Paulooh007/smol-experiments

Folders and files

NameName
Last commit message
Last commit date

Latest commit

 

History

18 Commits
 
 
 
 
 
 
 
 
 
 
 
 

Repository files navigation

smol-experiments 🧪

A collection of experiments exploring the lifecycle of Small Language Models (SLMs). This repository covers Supervised Fine-Tuning (SFT), Preference Optimization (DPO/CPO), and architectural evolution by Upcycling dense models into Mixture-of-Experts (MoE) with targeted expert specialization.

The experiments utilize SmolLM-135M as the base model.


🔬 Experiments

1. Alignment & Instruction Tuning

I explore methods to align a base model to follow grammatical correction instructions using the CoEdIT dataset.

  • SFT (Supervised Fine-Tuning): Establishing a baseline for instruction following.
  • DPO (Direct Preference Optimization): Optimizing using edit-distance-based preference pairs.
  • CPO (Contrastive Preference Optimization): Exploring memory-efficient alternatives to DPO.
  • Result: Achieved ~0.49 BLEU score with SFT+DPO.

2. MoE Upcycling & Continued Pre-training

I transform the dense SmolLM-135M into a SmolMoE (Mixture of Experts) model.

  • Upcycling: Initializing MoE weights from the dense checkpoint using "SwiGLU" duplication.
  • Router Training: Validated using Load Balancing Loss.
  • Continuous Pre-training: Training on the Cosmopedia dataset to stabilize the upcycled model.

3. Expert Specialization

I force specific experts to specialize in distinct domains (Code, Math, Chat) using architectural modifications and loss guidance.

  • Dataset: Interleaved subsets from Llama-Nemotron-Post-Training-Dataset.
  • Methodology:
    1. Router Guidance Loss: KL Divergence loss forcing tokens from specific domains to specific experts.
    2. Two-Stage Training: * Stage A: Freeze model, warm-start router with high guidance.
      • Stage B: Joint tuning of router and experts.
  • Result: Achieved >90% routing accuracy for Math tokens to the Math Expert.

📊 Results & Analysis

MoE Utilization and Stability

This plot shows the stabilization of training metrics during continued pre-training on the Cosmopedia dataset.

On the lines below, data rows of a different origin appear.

lemma ideal_mult_mono: "I \<subseteq> I' \<Longrightarrow> J \<subseteq> J' \<Longrightarrow> ideal_mult I J \<subseteq> ideal_mult I' J'"
  unfolding ideal_mult_def by (rule ideal_gen_mono) blast

lemma is_ideal_ideal_pow: "is_ideal (ideal_pow I n)"
  by (cases n) (simp_all add: is_ideal_UNIV is_ideal_ideal_mult)

lemma ideal_pow_mono: "I \<subseteq> J \<Longrightarrow> ideal_pow I n \<subseteq> ideal_pow J n"
  by (induction n) (simp_all add: ideal_mult_mono)

lemma is_ideal_ideal_colon: "is_ideal I \<Longrightarrow> is_ideal (ideal_colon I f)"
  unfolding is_ideal_def ideal_colon_def by (auto simp: distrib_right mult.assoc)

lemma ideal_mult_ideal_gen:
  "ideal_mult (ideal_gen A) (ideal_gen B) \<subseteq> ideal_gen {a * b | a b. a \<in> A \<and> b \<in> B}"
  (is "_ \<subseteq> ?X")
proof (rule ideal_mult_least[OF is_ideal_ideal_gen])
  have "ideal_gen A \<subseteq> ideal_colon ?X b" if "b \<in> B" for b
    using that
    by (intro ideal_gen_least is_ideal_ideal_colon is_ideal_ideal_gen)
      (auto simp: ideal_colon_def intro!: ideal_gen_subset[THEN subsetD])
  then have "ideal_gen B \<subseteq> ideal_colon ?X a" if "a \<in> ideal_gen A" for a
    using that
    by (intro ideal_gen_least is_ideal_ideal_colon is_ideal_ideal_gen)
      (auto simp: ideal_colon_def mult.commute)
  then show "a * b \<in> ?X" if "a \<in> ideal_gen A" "b \<in> ideal_gen B" for a b
    using that by (auto simp: ideal_colon_def mult.commute)
qed

lemma power_mult_mem_ideal_pow:
  assumes "is_ideal J" and "\<And>q. q \<in> Q \<Longrightarrow> c * q \<in> J" and "x \<in> ideal_pow Q n"
  shows "c ^ n * x \<in> ideal_pow J n"
  using assms(3)
proof (induction n arbitrary: x)
  case (Suc n)
  have "ideal_mult Q (ideal_pow Q n) \<subseteq> ideal_colon (ideal_pow J (Suc n)) (c ^ Suc n)"
  proof (rule ideal_mult_least[OF is_ideal_ideal_colon[OF is_ideal_ideal_pow]])
    fix a b assume "a \<in> Q" "b \<in> ideal_pow Q n"
    then have "(c * a) * (c ^ n * b) \<in> ideal_pow J (Suc n)"
      using Suc.IH assms(2) by (simp add: mult_mem_ideal_mult)
    then show "a * b \<in> ideal_colon (ideal_pow J (Suc n)) (c ^ Suc n)"
      by (simp add: ideal_colon_def algebra_simps)
  qed
  then show ?case
    using Suc.prems by (auto simp: ideal_colon_def mult.commute)
qed simp

section \<open>Prime ideals, associated primes and symbolic powers\<close>

lemma prime_ideal_is_ideal: "prime_ideal P \<Longrightarrow> is_ideal P"
  by (simp add: prime_ideal_def)

lemma prime_ideal_one: "prime_ideal P \<Longrightarrow> 1 \<notin> P"
  unfolding prime_ideal_def by (metis UNIV_eq_I ideal_mult_left mult.right_neutral)

lemma prime_ideal_mult_iff: "prime_ideal P \<Longrightarrow> a * b \<in> P \<longleftrightarrow> a \<in> P \<or> b \<in> P"
  unfolding prime_ideal_def by (metis ideal_mult_left ideal_mult_right)

lemma prime_ideal_prod:
  assumes "prime_ideal P" "finite A" "\<And>a. a \<in> A \<Longrightarrow> f a \<notin> P"
  shows "prod f A \<notin> P"
  using assms(2,3)
  by (induction A rule: finite_induct)
    (simp_all add: prime_ideal_one prime_ideal_mult_iff assms(1))

lemma prime_ideal_power: "prime_ideal P \<Longrightarrow> h \<notin> P \<Longrightarrow> h ^ n \<notin> P"
  by (induction n) (simp_all add: prime_ideal_one prime_ideal_mult_iff)

lemma is_ideal_local_contraction:
  assumes J: "is_ideal J" and P: "prime_ideal P"
  shows "is_ideal (local_contraction J P)"
  unfolding is_ideal_def local_contraction_def
proof (intro conjI ballI allI)
  show "0 \<in> {f. \<exists>s. s \<notin> P \<and> s * f \<in> J}"
    using prime_ideal_one[OF P] ideal_zero[OF J] by force
next
  fix a b assume "a \<in> {f. \<exists>s. s \<notin> P \<and> s * f \<in> J}" "b \<in> {f. \<exists>s. s \<notin> P \<and> s * f \<in> J}"
  then obtain s1 s2 where s: "s1 \<notin> P" "s1 * a \<in> J" "s2 \<notin> P" "s2 * b \<in> J"
    by blast
  have "(s1 * s2) * (a + b) = s2 * (s1 * a) + s1 * (s2 * b)"
    by (simp add: algebra_simps)
  then have "(s1 * s2) * (a + b) \<in> J"
    using s by (simp add: ideal_add ideal_mult_left J)
  moreover have "s1 * s2 \<notin> P"
    using s prime_ideal_mult_iff[OF P] by blast
  ultimately show "a + b \<in> {f. \<exists>s. s \<notin> P \<and> s * f \<in> J}"
    by blast
next
  fix r a assume "a \<in> {f. \<exists>s. s \<notin> P \<and> s * f \<in> J}"
  then obtain s where "s \<notin> P" "s * a \<in> J"
    by blast
  then show "r * a \<in> {f. \<exists>s. s \<notin> P \<and> s * f \<in> J}"
    using ideal_mult_left[OF J, of "s * a" r] by (auto simp: algebra_simps)
qed

lemma subset_local_contraction: "prime_ideal P \<Longrightarrow> J \<subseteq> local_contraction J P"
  unfolding local_contraction_def using prime_ideal_one by fastforce

lemma is_ideal_symb_pow: "is_ideal (symb_pow I t)"
  unfolding symb_pow_def
  by (rule is_ideal_Inter) (auto simp: Ass_def intro!: is_ideal_local_contraction is_ideal_ideal_pow)

lemma ideal_pow_subset_symb_pow: "ideal_pow I t \<subseteq> symb_pow I t"
  unfolding symb_pow_def Ass_def using subset_local_contraction by blast

lemma ideal_subset_Ass: "is_ideal N \<Longrightarrow> Q \<in> Ass N \<Longrightarrow> N \<subseteq> Q"
  unfolding Ass_def ideal_colon_def by (auto intro: ideal_mult_right)

lemma Ass_prime_ideal:
  assumes "prime_ideal P"
  shows "Ass P = {P}"
proof -
  have "P = ideal_colon P 1"
    by (simp add: ideal_colon_def)
  then have "P \<in> Ass P"
    using assms by (auto simp: Ass_def)
  moreover have "Q = P" if "Q \<in> Ass P" for Q
  proof -
    obtain f where Q: "prime_ideal Q" "Q = ideal_colon P f"
      using \<open>Q \<in> Ass P\<close> by (auto simp: Ass_def)
    have "f \<notin> P"
      using Q prime_ideal_one[OF Q(1)] assms by (auto simp: ideal_colon_def prime_ideal_def)
    then show ?thesis
      using Q prime_ideal_mult_iff[OF assms] by (auto simp: ideal_colon_def)
  qed
  ultimately show ?thesis
    by blast
qed

lemma symb_pow_prime_ideal: "prime_ideal P \<Longrightarrow> symb_pow P t = local_contraction (ideal_pow P t) P"
  by (simp add: symb_pow_def Ass_prime_ideal)

lemma symb_pow_subset_symb_pow_Ass:
  assumes "is_ideal I" "P \<in> Ass I"
  shows "symb_pow I t \<subseteq> symb_pow P t"
proof
  fix g assume "g \<in> symb_pow I t"
  then obtain s where "s \<notin> P" "s * g \<in> ideal_pow I t"
    using assms(2) by (auto simp: symb_pow_def local_contraction_def)
  moreover have "prime_ideal P"
    using assms(2) by (simp add: Ass_def)
  ultimately show "g \<in> symb_pow P t"
    using ideal_pow_mono[OF ideal_subset_Ass[OF assms]]
    by (auto simp: symb_pow_prime_ideal local_contraction_def)
qed

lemma Ass_Inter_subset:
  fixes F :: "'r::comm_ring_1 set set"
  assumes "finite F" "\<And>M. M \<in> F \<Longrightarrow> is_ideal M"
  shows "Ass (\<Inter>F) \<subseteq> (\<Union>M\<in>F. Ass M)"
proof
  fix Q assume "Q \<in> Ass (\<Inter>F)"
  then obtain h where Q: "prime_ideal Q" "Q = ideal_colon (\<Inter>F) h"
    by (auto simp: Ass_def)
  have "\<exists>M\<in>F. ideal_colon M h \<subseteq> Q"
  proof (rule ccontr)
    assume "\<not> ?thesis"
    then have "\<forall>M\<in>F. \<exists>y. y \<in> ideal_colon M h \<and> y \<notin> Q"
      by blast
    then obtain y where y: "\<And>M. M \<in> F \<Longrightarrow> y M \<in> ideal_colon M h \<and> y M \<notin> Q"
      by metis
    have "prod y F \<notin> Q"
      using prime_ideal_prod[OF Q(1) assms(1)] y by blast
    moreover have "prod y F \<in> ideal_colon M h" if "M \<in> F" for M
      using ideal_prod[OF is_ideal_ideal_colon[OF assms(2)[OF that]] assms(1) that] y that by blast
    ultimately show False
      using Q(2) by (auto simp: ideal_colon_def)
  qed
  then obtain M where "M \<in> F" "ideal_colon M h = Q"
    using Q(2) by (auto simp: ideal_colon_def)
  then show "Q \<in> (\<Union>M\<in>F. Ass M)"
    using Q(1) by (auto simp: Ass_def)
qed

lemma local_contraction_ideal_pow_subset:
  assumes J: "is_ideal J" and Q: "prime_ideal Q" "Q = ideal_colon J h" "h \<notin> Q" and "N \<subseteq> Q"
  shows "local_contraction (ideal_pow N t) Q \<subseteq> local_contraction (ideal_pow J t) Q"
proof
  fix x assume "x \<in> local_contraction (ideal_pow N t) Q"
  then obtain s where s: "s \<notin> Q" "s * x \<in> ideal_pow Q t"
    using ideal_pow_mono[OF \<open>N \<subseteq> Q\<close>] by (auto simp: local_contraction_def)
  have "h ^ t * (s * x) \<in> ideal_pow J t"
    by (rule power_mult_mem_ideal_pow[OF J _ s(2)]) (simp add: Q(2) ideal_colon_def mult.commute)
  moreover have "h ^ t * s \<notin> Q"
    using prime_ideal_power[OF Q(1,3)] s(1) prime_ideal_mult_iff[OF Q(1)] by blast
  ultimately show "x \<in> local_contraction (ideal_pow J t) Q"
    unfolding local_contraction_def by (auto simp: mult.assoc)
qed

lemma symb_pow_Inter_subset:
  fixes F :: "'r::comm_ring_1 set set"
  assumes F: "finite F" "\<And>N. N \<in> F \<Longrightarrow> is_ideal N"
    and radical: "\<And>h. h * h \<in> \<Inter>F \<Longrightarrow> h \<in> \<Inter>F"
  shows "(\<Inter>N\<in>F. symb_pow N t) \<subseteq> symb_pow (\<Inter>F) t"
proof
  fix x assume x: "x \<in> (\<Inter>N\<in>F. symb_pow N t)"
  show "x \<in> symb_pow (\<Inter>F) t"
    unfolding symb_pow_def
  proof
    fix Q assume "Q \<in> Ass (\<Inter>F)"
    then obtain h where Q: "prime_ideal Q" "Q = ideal_colon (\<Inter>F) h"
      by (auto simp: Ass_def)
    have "h \<notin> Q"
    proof
      assume "h \<in> Q"
      then have "h \<in> \<Inter>F"
        using Q(2) radical by (simp add: ideal_colon_def)
      then have "1 \<in> Q"
        using Q(2) by (simp add: ideal_colon_def)
      then show False
        using prime_ideal_one[OF Q(1)] by blast
    qed
    obtain N where N: "N \<in> F" "Q \<in> Ass N"
      using Ass_Inter_subset[OF F] \<open>Q \<in> Ass (\<Inter>F)\<close> by blast
    then have "x \<in> local_contraction (ideal_pow N t) Q"
      using x by (auto simp: symb_pow_def)
    moreover have "N \<subseteq> Q"
      using ideal_subset_Ass F(2) N by blast
    ultimately show "x \<in> local_contraction (ideal_pow (\<Inter>F) t) Q"
      using local_contraction_ideal_pow_subset[OF is_ideal_Inter[OF F(2)] Q \<open>h \<notin> Q\<close>] by blast
  qed
qed

section \<open>Minimal primes\<close>

lemma Min_primesD:
  assumes "P \<in> Min_primes I"
  shows "prime_ideal P" "I \<subseteq> P" "\<And>Q. prime_ideal Q \<Longrightarrow> I \<subseteq> Q \<Longrightarrow> Q \<subseteq> P \<Longrightarrow> Q = P"
  using assms by (auto simp: Min_primes_def)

This plot tracks the percentage of active experts over time, confirming the router successfully avoided collapse.

Expert Routing Matrix

Routing Before Specialization This visualization shows the initial, unspecialized distribution of tokens across experts.

Routing After Specialization This visualization confirms the successful specialization of experts after targeted training.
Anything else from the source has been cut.